Il regarda par la fenêtre.

La lune était haute dans le ciel, une boule de lumière pâle qu'il détestait plus que tout car lorsqu'elle apparaissait, calme, délicate, comme si rien ne pouvait l'ébranler, son propre supplice ne faisait que débuter. Il grogna et hésita, se sentant dans la pièce où il se trouvait comme un animal en cage.

Lentement, il décida d'ouvrir la porte de sa chambre. Le couloir sombre à l'extérieur était vide et Orion le suivit à pas lent, le corps appuyé contre le mur foncé. Il monta les escaliers sinueux et marcha le longs des couloirs richement ornés jusqu'à soudainement se retrouver devant la chambre de Céleste. Il fronça les sourcils. Comment était-il arrivé là? Il n'en était pas certain. Le roi se passa sa langue sur les lèvres et pris pas un élan de curiosité, fut submergé par l'envie de rentrer dans la chambre. Il voulait voir si l'être féérique qu'il avait aperçu au rayon du soleil dans la bibliothèque fut le même allongé dans un lit somptueux sous la protection des étoiles. Il posa une main sur la poignée tandis qu'un doute lui monta au creux du ventre.

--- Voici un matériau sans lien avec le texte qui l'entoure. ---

lemma exp_sum_powr_derivatives:
  fixes a v :: "'a \<Rightarrow> real" and l :: real
  assumes I: "finite I" and a: "\<And>i. i \<in> I \<Longrightarrow> 0 \<le> a i" and l: "0 < l"
  defines "S \<equiv> \<lambda>s. \<Sum>i\<in>I. a i * exp (s * v i / l)"
    and "T \<equiv> \<lambda>s. \<Sum>i\<in>I. a i * exp (s * v i / l) * v i"
    and "U \<equiv> \<lambda>s. \<Sum>i\<in>I. a i * exp (s * v i / l) * (v i)\<^sup>2"
  shows "((\<lambda>s. S s powr l) has_real_derivative S s powr (l - 1) * T s) (at s)"
    and "((\<lambda>s. S s powr (l - 1) * T s) has_real_derivative
          ((l - 1) * S s powr (l - 2) * (T s)\<^sup>2 + S s powr (l - 1) * U s) / l) (at s)"
proof -
  have dS: "(S has_real_derivative T s / l) (at s)" for s
    unfolding S_def T_def sum_divide_distrib using l
    by (auto intro!: derivative_eq_intros DERIV_sum simp: field_simps)
  have dT: "(T has_real_derivative U s / l) (at s)" for s
    unfolding T_def U_def sum_divide_distrib using l
    by (auto intro!: derivative_eq_intros DERIV_sum simp: field_simps power2_eq_square)
  have S_pos: "0 < S s" if nonzero: "\<not> (\<forall>i\<in>I. a i = 0)" for s
  proof -
    obtain j where "j \<in> I" "0 < a j" using nonzero a by force
    then show ?thesis
      unfolding S_def using I a by (intro sum_pos2[of _ j]) auto
  qed
  \<comment> \<open>If all weights vanish, S is identically 0 and both claims hold by the convention 0 powr x = 0.\<close>
  show "((\<lambda>s. S s powr l) has_real_derivative S s powr (l - 1) * T s) (at s)"
  proof (cases "\<forall>i\<in>I. a i = 0")
    case True
    then show ?thesis by (simp add: S_def T_def)
  next
    case False
    then show ?thesis
      using DERIV_fun_powr[OF dS S_pos, of l] l by simp
  qed
  show "((\<lambda>s. S s powr (l - 1) * T s) has_real_derivative
          ((l - 1) * S s powr (l - 2) * (T s)\<^sup>2 + S s powr (l - 1) * U s) / l) (at s)"
  proof (cases "\<forall>i\<in>I. a i = 0")
    case True
    then show ?thesis by (simp add: S_def T_def U_def)
  next
    case False
    show ?thesis
      using DERIV_mult[OF DERIV_fun_powr[OF dS S_pos[OF False], of "l - 1"] dT]
      by (rule DERIV_cong) (use l in \<open>simp add: field_simps power2_eq_square\<close>)
  qed
qed

lemma exp_sum_powr_second_derivative_le:
  fixes a v :: "'a \<Rightarrow> real" and l b s :: real
  assumes a: "\<And>i. i \<in> I \<Longrightarrow> 0 \<le> a i" and l: "0 < l" "l \<le> 1"
    and v: "\<And>i. i \<in> I \<Longrightarrow> \<bar>v i\<bar> \<le> b"
  defines "S \<equiv> \<Sum>i\<in>I. a i * exp (s * v i / l)"
    and "T \<equiv> \<Sum>i\<in>I. a i * exp (s * v i / l) * v i"
    and "U \<equiv> \<Sum>i\<in>I. a i * exp (s * v i / l) * (v i)\<^sup>2"
  shows "((l - 1) * S powr (l - 2) * T\<^sup>2 + S powr (l - 1) * U) / l \<le> b\<^sup>2 / l * S powr l"
proof -
  have S_nonneg: "0 \<le> S"
    unfolding S_def using a by (intro sum_nonneg) auto
  have U_le: "U \<le> b\<^sup>2 * S"
    unfolding U_def S_def sum_distrib_left
  proof (rule sum_mono)
    fix i assume i: "i \<in> I"
    have "(v i)\<^sup>2 \<le> b\<^sup>2"
      using v[OF i] by (metis abs_ge_zero power2_abs power_mono)
    moreover have "0 \<le> a i * exp (s * v i / l)"
      using a[OF i] by simp
    ultimately show "a i * exp (s * v i / l) * (v i)\<^sup>2 \<le> b\<^sup>2 * (a i * exp (s * v i / l))"
      by (metis mult.commute mult_left_mono)
  qed
  have "S powr (l - 1) * U \<le> b\<^sup>2 * (S powr (l - 1) * S)"
    using mult_left_mono[OF U_le powr_ge_zero[of S "l - 1"]] by (simp add: mult.left_commute)
  also have "S powr (l - 1) * S = S powr l"
    using powr_add[of S "l - 1" 1] S_nonneg by simp
  finally have "S powr (l - 1) * U \<le> b\<^sup>2 * S powr l" .
  moreover have "(l - 1) * S powr (l - 2) * T\<^sup>2 \<le> 0"
    using l by (intro mult_nonpos_nonneg) auto
  ultimately show ?thesis
    using l by (simp add: divide_right_mono)
qed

Et si elle ne dormait pas ?, pensa-t-il, inquiet. Orion déglutit et pressa son oreille animale contre la porte. De l'intérieur de la pièce résonnait seulement une respiration régulière et calme, de temps en temps accompagnée de petits soupirs. Il entra en se refusant de douter un instant de plus. Céleste n'avait pas éteint le feu dans sa cheminée et la pièce aux odeurs florales était bercée d'une lumière délicieusement chaleureuse. Orion avança doucement jusqu'au lit à baldaquin, faisant attention de n'émettre pas le moindre bruit. Il posa ses yeux sur Céleste : ses boucles étaient en batailles, ses cils formaient des demi-lunes sur ses joues et papillonnaient de temps à autre. Ses mains, allongées sur le duvet, bougeaient de temps à autre. Orion s'assit au sol et allongea sa tête sur le lit, assez confortablement pour ne pas se tordre le cou tout en continuant à observer la jeune femme en silence.

Ce n'est rien qu'une petite paysanne, se répétait-il sans arrêt, ni belle, ni intelligente.

Pourtant, le roi aux allures de bête resta toute la nuit aux côtés de la jeune femme dans la plus haute tourelle du château : mais dès que l'astre solaire pointa ses rayons à l'horizon, dès qu'il se sentit reprendre forme humaine, il se retira sans un bruit, se jurant de ne plus jamais recommencer manœuvre pareil.

Seulement n'avait-il pas remarqué, pendant un court instant de somnolence, que Céleste n'avait pas seulement papillonné des yeux mais les avait ouverts, découvrant avec une stupeur silencieuse, Orion à ses côtés.